Paleo stress contribution to fault and natural fracture distribution in the Cooper Basin

• We used image logs and faults from 3D seismic to build a structural model.
• We analysed the structures and extracted the paleo tectonic events.
• We used the faults and the fractures as input in iterative modelling to predict the paleo stress regimes.
• We used the predicted paleo stress regimes to model possible natural fractures.
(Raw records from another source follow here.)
lemma homeomorphism_sigma: "homeomorphism Omega Omega sigma (sigma \<circ> sigma)"
proof -
  have image: "sigma ` Omega = Omega"
  proof
    show "sigma ` Omega \<subseteq> Omega"
      using sigma_Omega(1) by blast
    show "Omega \<subseteq> sigma ` Omega"
      using sigma_Omega by (metis image_eqI subsetI)
  qed
  moreover have "continuous_on Omega (sigma \<circ> sigma)"
    using continuous_on_compose[of Omega sigma sigma] continuous_on_sigma image by simp
  moreover have "(sigma \<circ> sigma) ` Omega = Omega"
    using image by (metis image_comp)
  ultimately show ?thesis
    unfolding homeomorphism_def using continuous_on_sigma sigma_Omega(2) by simp
qed

lemma pl_on_sigma: "pl_on Omega sigma"
  unfolding pl_on_def
proof (intro exI conjI)
  have "(\<lambda>c. vert ` cell c) ` mixed_labelings = (\<lambda>J. vert ` J) ` cell ` mixed_labelings"
    by (simp add: image_image)
  then show "finite ((\<lambda>c. vert ` cell c) ` mixed_labelings)"
    using finite_cells by simp
  show "\<forall>W\<in>(\<lambda>c. vert ` cell c) ` mixed_labelings.
      finite W \<and> W \<noteq> {} \<and> \<not> affine_dependent W \<and> affine_on (convex hull W) sigma"
  proof clarify
    fix c
    assume c: "c \<in> mixed_labelings"
    have "(0, c 0 + 1) \<in> cell c"
      using two_le_k by (simp add: cell_def)
    moreover have "affine_on (convex hull (vert ` cell c)) sigma"
      unfolding convex_hull_image_eq[OF cell_subset]
      by (rule affine_on_sigma[OF order_refl bary_mixed_subset_subdiv_coords[OF c]])
    ultimately show "finite (vert ` cell c) \<and> vert ` cell c \<noteq> {} \<and> \<not> affine_dependent (vert ` cell c)
        \<and> affine_on (convex hull (vert ` cell c)) sigma"
      using finite_vert_cell affine_independent_cell by blast
  qed
  show "\<Union> ((\<lambda>W. convex hull W) ` (\<lambda>c. vert ` cell c) ` mixed_labelings) = Omega"
    by (simp add: Omega_Union image_image)
qed

lemma sigma_not_id: "\<exists>x\<in>Omega. sigma x \<noteq> x"
proof -
  define z where "z q = (if q = (0, 0) then 1 else 0 :: real)" for q :: "nat \<times> 3"
  define c where "c i = (if i = 0 then 1 else 0 :: 3)" for i :: nat
  have c: "c \<in> mixed_labelings"
    using two_le_k by (auto simp: mixed_labelings_def c_def intro!: exI[of _ 0] exI[of _ 1])
  have "sum z labels = 1"
    using two_le_k by (simp add: sum_labels z_def)
  then have "z \<in> bary_simplex labels"
    using two_le_k by (auto simp: bary_simplex_def z_def labels_def)
  then have z: "z \<in> bary_simplex (cell c)"
    by (simp add: mem_bary_cell_iff z_def c_def)
  have delta: "(\<Sum>i<k. (if i = 0 then 1 else 0) *\<^sub>R v i) = v 0" for v :: "nat \<Rightarrow> real^'n"
  proof -
    have "(\<Sum>i<k. (if i = 0 then 1 else 0) *\<^sub>R v i) = (\<Sum>i<k. if i = 0 then v i else 0)"
      by (intro sum.cong) auto
    also have "\<dots> = v 0"
      using two_le_k by (simp add: sum.delta)
    finally show ?thesis .
  qed
  have comb_z: "comb z = p 0" "comb (rotate_coords z) = axis (a 0) 1"
    using delta[of p] delta[of "\<lambda>i. axis (a i) 1"] by (simp_all add: comb_def sum_labels z_def)
  have zO: "z \<in> Omega_coords"
    using c z by (auto simp: Omega_coords_def)
  show ?thesis
  proof (rule bexI)
    have "sigma (comb z) = axis (a 0) 1"
      using sigma_comb_Omega_coords(1)[OF zO] comb_z(2) by simp
    then show "sigma (comb z) \<noteq> comb z"
      using comb_z(1) p_ne_axis by metis
    show "comb z \<in> Omega"
      using zO by (simp add: Omega_eq)
  qed
qed

lemma comb_mem_convex_hull_verts_iff:
  assumes "z \<in> subdiv_coords" "j \<noteq> 0"
  shows "comb z \<in> convex hull (verts j) \<longleftrightarrow> z \<in> bary_simplex (cell (\<lambda>_. j))"
  unfolding convex_hull_verts using assms two_le_k bary_cell_subset_subdiv_coords[of 0 "\<lambda>_. j"]
  by (intro inj_on_image_mem_iff[OF inj_on_comb_subdiv_coords]) auto

lemma rel_interior_mixed_cell_subset:
  assumes c: "c \<in> mixed_labelings"
  shows "rel_interior (convex hull (vert ` cell c))
    \<subseteq> convex hull (verts 0) - convex hull (verts 1) - convex hull (verts 2)"
proof
  fix x
  assume "x \<in> rel_interior (convex hull (vert ` cell c))"
  then obtain z where z: "z \<in> bary_simplex (cell c)" "\<forall>q\<in>cell c. 0 < z q" and x: "x = comb z"
    unfolding rel_interior_convex_hull_image_eq[OF cell_subset affine_independent_cell] by blast
  have zs: "z \<in> subdiv_coords"
    using z(1) bary_mixed_subset_subdiv_coords[OF c] by blast
  obtain i i' where i: "i < k" "i' < k" "c i \<noteq> c i'"
    using c by (auto simp: mixed_labelings_def)
  have "z \<notin> bary_simplex (cell (\<lambda>_. j))" for j
  proof
    assume "z \<in> bary_simplex (cell (\<lambda>_. j))"
    then have "z (i, j) = 0" "z (i', j) = 0"
      using i by (simp_all add: mem_bary_cell_iff)
    moreover have "(i, j) \<in> cell c \<or> (i', j) \<in> cell c"
      using i by (auto simp: cell_def)
    ultimately show False
      using z(2) by force
  qed
  then show "x \<in> convex hull (verts 0) - convex hull (verts 1) - convex hull (verts 2)"
    using zs by (simp add: x comb_mem_convex_hull_verts_iff convex_hull_verts_0_eq)
qed

lemma Delta_diff_subset_Omega:
  "convex hull (verts 0) - convex hull (verts 1) - convex hull (verts 2) \<subseteq> Omega"
proof
  fix x
  assume x: "x \<in> convex hull (verts 0) - convex hull (verts 1) - convex hull (verts 2)"
  then obtain z where zs: "z \<in> subdiv_coords" and xz: "x = comb z"
    by (auto simp: convex_hull_verts_0_eq)
  then obtain c i where z: "z \<in> bary_simplex (cell c)" and i: "i < k" "c i \<noteq> 0"
    unfolding subdiv_coords_def by blast
  have "c \<in> mixed_labelings"
  proof (rule ccontr)
    assume "c \<notin> mixed_labelings"
    then have "\<forall>i'<k. c i' = c i"
      using i unfolding mixed_labelings_def by blast
    then have "z \<in> bary_simplex (cell (\<lambda>_. c i))"
      using z by (simp add: mem_bary_cell_iff)
    then have "x \<in> convex hull (verts (c i))"
      by (simp add: xz convex_hull_verts)
    moreover have "x \<notin> convex hull (verts 1)" "x \<notin> convex hull (verts 2)"
      using x by simp_all
    ultimately show False
      using i(2) by (cases "c i" rule: three_cases) simp_all
  qed
  then have "z \<in> Omega_coords"
    using z by (auto simp: Omega_coords_def)
  then show "x \<in> Omega"
    by (simp add: Omega_eq xz)
qed

lemma closure_Delta_diff:
  "closure (convex hull (verts 0) - convex hull (verts 1) - convex hull (verts 2)) = Omega"
proof
  show "closure (convex hull (verts 0) - convex hull (verts 1) - convex hull (verts 2)) \<subseteq> Omega"
    by (rule closure_minimal[OF Delta_diff_subset_Omega closed_Omega])
  show "Omega \<subseteq> closure (convex hull (verts 0) - convex hull (verts 1) - convex hull (verts 2))"
    unfolding Omega_def
  proof (rule UN_least)
    fix c
    assume c: "c \<in> mixed_labelings"
    have "compact (convex hull (vert ` cell c))"
      by (intro compact_convex_hull finite_imp_compact finite_vert_cell)
    then have "convex hull (vert ` cell c) = closure (rel_interior (convex hull (vert ` cell c)))"
      by (simp add: convex_closure_rel_interior compact_imp_closed)
    also have "\<dots> \<subseteq> closure (convex hull (verts 0) - convex hull (verts 1) - convex hull (verts 2))"
      by (intro closure_mono rel_interior_mixed_cell_subset c)
    finally show "convex hull (vert ` cell c)
        \<subseteq> closure (convex hull (verts 0) - convex hull (verts 1) - convex hull (verts 2))" .
  qed
qed

theorem modular_block_verts: "modular_block k (verts 0) (verts 1) (verts 2) sigma"
proof -
  have images:
    "sigma ` rel_frontier (convex hull (verts 0)) = rel_frontier (convex hull (verts 1))"
    "sigma ` rel_frontier (convex hull (verts 1)) = rel_frontier (convex hull (verts 2))"
    "sigma ` rel_frontier (convex hull (verts 2)) = rel_frontier (convex hull (verts 0))"
    using sigma_image_rel_frontier[of 0] sigma_image_rel_frontier[of 1] sigma_image_rel_frontier[of 2]
    by simp_all
  show ?thesis
    unfolding modular_block_def Let_def
    by (simp add: simplex_verts_verts[simplified] convex_hull_verts_subset rel_interior_verts_1_2_disjoint
        card_verts_Int rel_frontier_verts_Int closure_Delta_diff homeomorphism_sigma sigma_Omega(2)
        sigma_not_id pl_on_sigma affine_on_sigma_rel_frontier images)
qed

end

lemma lessThan_double_eq: "{..<2 * (k :: nat)} = {..<k} \<union> (\<lambda>i. i + k) ` {..<k}"
proof
  have upper: "m \<in> (\<lambda>i. i + k) ` {..<k}" if "k \<le> m" "m < 2 * k" for m
    using that by (intro image_eqI[of _ _ "m - k"]) auto
  show "{..<2 * k} \<subseteq> {..<k} \<union> (\<lambda>i. i + k) ` {..<k}"
  proof
    fix m
    assume "m \<in> {..<2 * k}"
    then show "m \<in> {..<k} \<union> (\<lambda>i. i + k) ` {..<k}"
      using upper[of m] by (cases "m < k") auto
  qed
qed auto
The contribution of the unconventional reservoirs to the global oil and gas production made it important to address the main factors that control high production from these reservoirs. Hydraulic fracturing that intersect natural fractures results in a high stimulated rock volume and high production. Over a decade of effort to use elastic dislocation and different types of restoration to predict fracture network didn't succeed fully in addressing this factor.We used image log fractures and fault network within an iterative boundary element method (iBEM3D) to predict the paleo-tectonic events and the fracture network in the Cooper Basin. The methodology was able to predict only the major tectonic events that occurred after the deposition of the Cooper Basin sediments and contributed to the formation of the natural fractures. As the methodology does not include fault elastic properties, fracture orientations near the faults showed unrealistic results and should not be considered as indicative for the actual natural fractures.The main trend of the Cooper Basin fractures was attributed to post Triassic inter-seismic relaxation after major tectonic compressional events, which resulted in a normal fault stress regime. However, the current day stress regime is believed to be also a major factor in forming some of the natural fractures. Hunter Bowen orogeny in the Late Triassic contributed less to the existing fractures. Whereas, Cainozoic compressional forces played no role in the formation of the Cooper Basin natural fractures.